Dataset records:
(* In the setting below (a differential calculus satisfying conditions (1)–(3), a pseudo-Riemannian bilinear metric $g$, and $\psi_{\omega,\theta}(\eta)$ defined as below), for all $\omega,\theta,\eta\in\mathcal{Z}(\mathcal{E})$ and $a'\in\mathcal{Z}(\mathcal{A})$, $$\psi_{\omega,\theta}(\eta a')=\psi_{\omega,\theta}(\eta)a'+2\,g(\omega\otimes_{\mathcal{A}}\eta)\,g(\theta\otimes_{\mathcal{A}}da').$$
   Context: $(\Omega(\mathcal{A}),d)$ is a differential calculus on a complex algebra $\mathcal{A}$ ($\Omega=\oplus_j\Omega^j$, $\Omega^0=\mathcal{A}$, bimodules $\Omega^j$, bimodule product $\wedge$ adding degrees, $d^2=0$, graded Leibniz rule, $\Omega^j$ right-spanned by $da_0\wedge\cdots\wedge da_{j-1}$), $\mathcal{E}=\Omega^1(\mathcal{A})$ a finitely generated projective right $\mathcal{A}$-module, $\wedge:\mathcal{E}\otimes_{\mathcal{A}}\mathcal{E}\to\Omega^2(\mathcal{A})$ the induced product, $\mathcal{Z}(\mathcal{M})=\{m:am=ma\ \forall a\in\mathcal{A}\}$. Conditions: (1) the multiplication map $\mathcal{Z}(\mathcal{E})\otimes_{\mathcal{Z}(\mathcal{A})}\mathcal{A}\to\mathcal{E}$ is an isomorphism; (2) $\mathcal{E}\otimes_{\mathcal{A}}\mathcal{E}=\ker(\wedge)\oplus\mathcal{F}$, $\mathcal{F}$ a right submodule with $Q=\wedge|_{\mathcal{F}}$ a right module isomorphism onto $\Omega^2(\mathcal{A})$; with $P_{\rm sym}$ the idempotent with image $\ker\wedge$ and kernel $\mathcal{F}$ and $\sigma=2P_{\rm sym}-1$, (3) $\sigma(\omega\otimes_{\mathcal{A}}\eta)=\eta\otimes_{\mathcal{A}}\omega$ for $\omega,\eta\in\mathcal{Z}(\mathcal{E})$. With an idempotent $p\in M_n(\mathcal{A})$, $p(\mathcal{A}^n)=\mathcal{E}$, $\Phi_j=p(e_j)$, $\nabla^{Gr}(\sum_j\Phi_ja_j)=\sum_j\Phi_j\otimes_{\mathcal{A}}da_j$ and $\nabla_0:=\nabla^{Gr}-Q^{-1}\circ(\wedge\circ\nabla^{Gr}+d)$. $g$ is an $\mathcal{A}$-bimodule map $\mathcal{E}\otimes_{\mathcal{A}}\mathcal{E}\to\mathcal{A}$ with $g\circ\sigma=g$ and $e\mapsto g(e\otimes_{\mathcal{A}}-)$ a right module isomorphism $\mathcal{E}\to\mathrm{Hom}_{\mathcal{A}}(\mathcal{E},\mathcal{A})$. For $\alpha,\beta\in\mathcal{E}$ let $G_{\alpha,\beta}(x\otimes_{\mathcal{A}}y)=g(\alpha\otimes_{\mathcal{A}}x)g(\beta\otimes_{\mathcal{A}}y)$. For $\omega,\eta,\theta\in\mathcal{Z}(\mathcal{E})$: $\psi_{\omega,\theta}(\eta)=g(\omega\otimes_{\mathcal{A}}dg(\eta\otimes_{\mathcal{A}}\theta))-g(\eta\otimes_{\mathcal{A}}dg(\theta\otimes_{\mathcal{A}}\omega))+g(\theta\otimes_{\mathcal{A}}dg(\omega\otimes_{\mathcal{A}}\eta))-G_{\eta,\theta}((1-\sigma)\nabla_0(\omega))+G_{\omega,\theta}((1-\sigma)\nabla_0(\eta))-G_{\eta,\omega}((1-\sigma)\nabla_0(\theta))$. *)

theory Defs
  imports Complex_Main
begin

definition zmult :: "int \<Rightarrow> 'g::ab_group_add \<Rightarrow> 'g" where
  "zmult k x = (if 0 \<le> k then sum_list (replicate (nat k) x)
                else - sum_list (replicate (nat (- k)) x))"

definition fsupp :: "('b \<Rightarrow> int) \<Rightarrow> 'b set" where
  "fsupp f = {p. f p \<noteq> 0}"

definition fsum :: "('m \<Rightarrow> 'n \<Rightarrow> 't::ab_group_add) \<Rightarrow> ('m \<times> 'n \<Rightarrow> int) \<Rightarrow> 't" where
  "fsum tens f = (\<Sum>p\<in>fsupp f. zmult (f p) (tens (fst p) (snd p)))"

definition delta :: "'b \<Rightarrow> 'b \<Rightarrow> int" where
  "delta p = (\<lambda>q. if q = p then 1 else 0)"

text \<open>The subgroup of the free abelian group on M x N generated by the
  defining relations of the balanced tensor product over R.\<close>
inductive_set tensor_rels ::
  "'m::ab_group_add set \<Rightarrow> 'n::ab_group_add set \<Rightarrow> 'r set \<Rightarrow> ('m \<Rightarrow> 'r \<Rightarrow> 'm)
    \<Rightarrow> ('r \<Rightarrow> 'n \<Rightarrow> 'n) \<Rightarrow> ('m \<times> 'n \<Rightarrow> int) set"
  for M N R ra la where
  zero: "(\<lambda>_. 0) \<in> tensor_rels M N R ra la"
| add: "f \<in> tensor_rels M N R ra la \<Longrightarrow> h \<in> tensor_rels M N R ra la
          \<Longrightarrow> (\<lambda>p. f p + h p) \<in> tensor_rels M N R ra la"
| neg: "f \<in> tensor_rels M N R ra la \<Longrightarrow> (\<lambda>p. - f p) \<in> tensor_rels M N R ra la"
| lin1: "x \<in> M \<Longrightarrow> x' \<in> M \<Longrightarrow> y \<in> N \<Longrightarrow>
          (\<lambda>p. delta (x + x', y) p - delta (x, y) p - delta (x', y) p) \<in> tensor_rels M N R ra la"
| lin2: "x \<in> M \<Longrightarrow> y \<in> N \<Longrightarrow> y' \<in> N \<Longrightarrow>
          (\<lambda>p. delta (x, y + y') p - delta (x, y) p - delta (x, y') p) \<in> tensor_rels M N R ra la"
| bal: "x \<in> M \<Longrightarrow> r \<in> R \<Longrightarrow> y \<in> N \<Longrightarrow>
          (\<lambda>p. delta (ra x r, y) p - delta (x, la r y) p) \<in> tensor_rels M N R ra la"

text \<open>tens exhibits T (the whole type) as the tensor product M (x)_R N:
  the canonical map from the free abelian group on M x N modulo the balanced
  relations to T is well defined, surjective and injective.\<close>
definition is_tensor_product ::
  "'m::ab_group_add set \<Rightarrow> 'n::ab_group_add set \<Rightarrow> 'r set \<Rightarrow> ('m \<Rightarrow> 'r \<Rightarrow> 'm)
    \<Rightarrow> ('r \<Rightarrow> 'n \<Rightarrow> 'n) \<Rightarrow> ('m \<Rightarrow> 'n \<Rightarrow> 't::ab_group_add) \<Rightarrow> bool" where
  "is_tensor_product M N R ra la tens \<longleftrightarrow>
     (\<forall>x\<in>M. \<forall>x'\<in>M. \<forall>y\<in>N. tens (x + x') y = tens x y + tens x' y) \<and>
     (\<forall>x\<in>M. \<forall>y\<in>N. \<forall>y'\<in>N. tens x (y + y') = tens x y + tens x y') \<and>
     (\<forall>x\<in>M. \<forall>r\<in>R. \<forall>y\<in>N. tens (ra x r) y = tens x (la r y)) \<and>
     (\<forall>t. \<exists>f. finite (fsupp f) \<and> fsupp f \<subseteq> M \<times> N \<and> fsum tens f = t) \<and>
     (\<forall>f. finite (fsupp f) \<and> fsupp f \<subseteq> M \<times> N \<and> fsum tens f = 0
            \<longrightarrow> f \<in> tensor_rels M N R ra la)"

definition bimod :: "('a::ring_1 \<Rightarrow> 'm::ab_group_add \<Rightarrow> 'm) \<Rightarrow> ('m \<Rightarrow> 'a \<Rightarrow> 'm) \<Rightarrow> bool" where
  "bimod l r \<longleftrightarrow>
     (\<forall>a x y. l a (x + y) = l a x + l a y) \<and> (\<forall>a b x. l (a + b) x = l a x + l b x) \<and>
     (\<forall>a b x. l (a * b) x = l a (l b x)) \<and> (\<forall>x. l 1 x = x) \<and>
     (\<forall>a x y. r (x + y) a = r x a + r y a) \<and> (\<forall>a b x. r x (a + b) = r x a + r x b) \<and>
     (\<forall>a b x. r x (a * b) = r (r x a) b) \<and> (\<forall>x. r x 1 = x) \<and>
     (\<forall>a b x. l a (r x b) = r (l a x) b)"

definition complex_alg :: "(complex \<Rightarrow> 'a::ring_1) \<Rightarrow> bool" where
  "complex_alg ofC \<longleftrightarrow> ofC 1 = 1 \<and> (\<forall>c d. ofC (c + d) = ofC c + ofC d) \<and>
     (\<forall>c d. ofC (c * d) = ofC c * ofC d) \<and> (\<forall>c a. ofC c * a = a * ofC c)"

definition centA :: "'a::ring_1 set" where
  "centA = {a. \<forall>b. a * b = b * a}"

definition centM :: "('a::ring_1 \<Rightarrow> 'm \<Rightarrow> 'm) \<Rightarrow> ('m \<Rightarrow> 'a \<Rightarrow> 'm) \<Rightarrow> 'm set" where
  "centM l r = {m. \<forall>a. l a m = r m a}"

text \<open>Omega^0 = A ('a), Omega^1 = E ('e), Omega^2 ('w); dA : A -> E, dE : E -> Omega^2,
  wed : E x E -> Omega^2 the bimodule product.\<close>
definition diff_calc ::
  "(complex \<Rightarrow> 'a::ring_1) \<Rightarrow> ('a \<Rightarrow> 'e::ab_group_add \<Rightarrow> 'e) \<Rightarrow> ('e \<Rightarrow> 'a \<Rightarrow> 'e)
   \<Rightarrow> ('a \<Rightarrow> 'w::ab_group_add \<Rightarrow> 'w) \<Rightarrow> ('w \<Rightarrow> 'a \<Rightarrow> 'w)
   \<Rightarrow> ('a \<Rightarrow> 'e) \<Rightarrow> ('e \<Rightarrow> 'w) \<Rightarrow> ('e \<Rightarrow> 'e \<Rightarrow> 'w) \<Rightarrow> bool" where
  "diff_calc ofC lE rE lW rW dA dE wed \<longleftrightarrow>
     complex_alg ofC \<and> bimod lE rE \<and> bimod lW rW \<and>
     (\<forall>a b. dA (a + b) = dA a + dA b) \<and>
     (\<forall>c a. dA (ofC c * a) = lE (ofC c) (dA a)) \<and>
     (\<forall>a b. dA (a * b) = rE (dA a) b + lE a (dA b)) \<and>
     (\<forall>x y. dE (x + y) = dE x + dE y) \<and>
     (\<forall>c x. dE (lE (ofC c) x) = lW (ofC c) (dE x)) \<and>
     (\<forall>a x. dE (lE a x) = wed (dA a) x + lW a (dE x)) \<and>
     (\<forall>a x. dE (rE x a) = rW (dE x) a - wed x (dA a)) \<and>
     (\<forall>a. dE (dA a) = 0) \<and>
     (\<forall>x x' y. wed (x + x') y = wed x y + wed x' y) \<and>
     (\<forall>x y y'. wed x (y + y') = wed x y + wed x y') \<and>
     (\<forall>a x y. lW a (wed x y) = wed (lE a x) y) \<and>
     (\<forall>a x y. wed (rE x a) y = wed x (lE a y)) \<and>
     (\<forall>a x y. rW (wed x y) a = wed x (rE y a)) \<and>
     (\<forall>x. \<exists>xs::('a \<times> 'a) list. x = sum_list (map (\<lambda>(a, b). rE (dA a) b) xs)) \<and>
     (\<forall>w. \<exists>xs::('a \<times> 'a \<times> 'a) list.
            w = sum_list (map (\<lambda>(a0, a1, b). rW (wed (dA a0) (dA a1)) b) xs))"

Requirement: Above are the entries. Output exactly the lines beginning with the line that has "defining relations of" and ending with the line that has "for M N R ra la where".

Result of the task:
  defining relations of the balanced tensor product over R.\<close>
inductive_set tensor_rels ::
  "'m::ab_group_add set \<Rightarrow> 'n::ab_group_add set \<Rightarrow> 'r set \<Rightarrow> ('m \<Rightarrow> 'r \<Rightarrow> 'm)
    \<Rightarrow> ('r \<Rightarrow> 'n \<Rightarrow> 'n) \<Rightarrow> ('m \<times> 'n \<Rightarrow> int) set"
  for M N R ra la where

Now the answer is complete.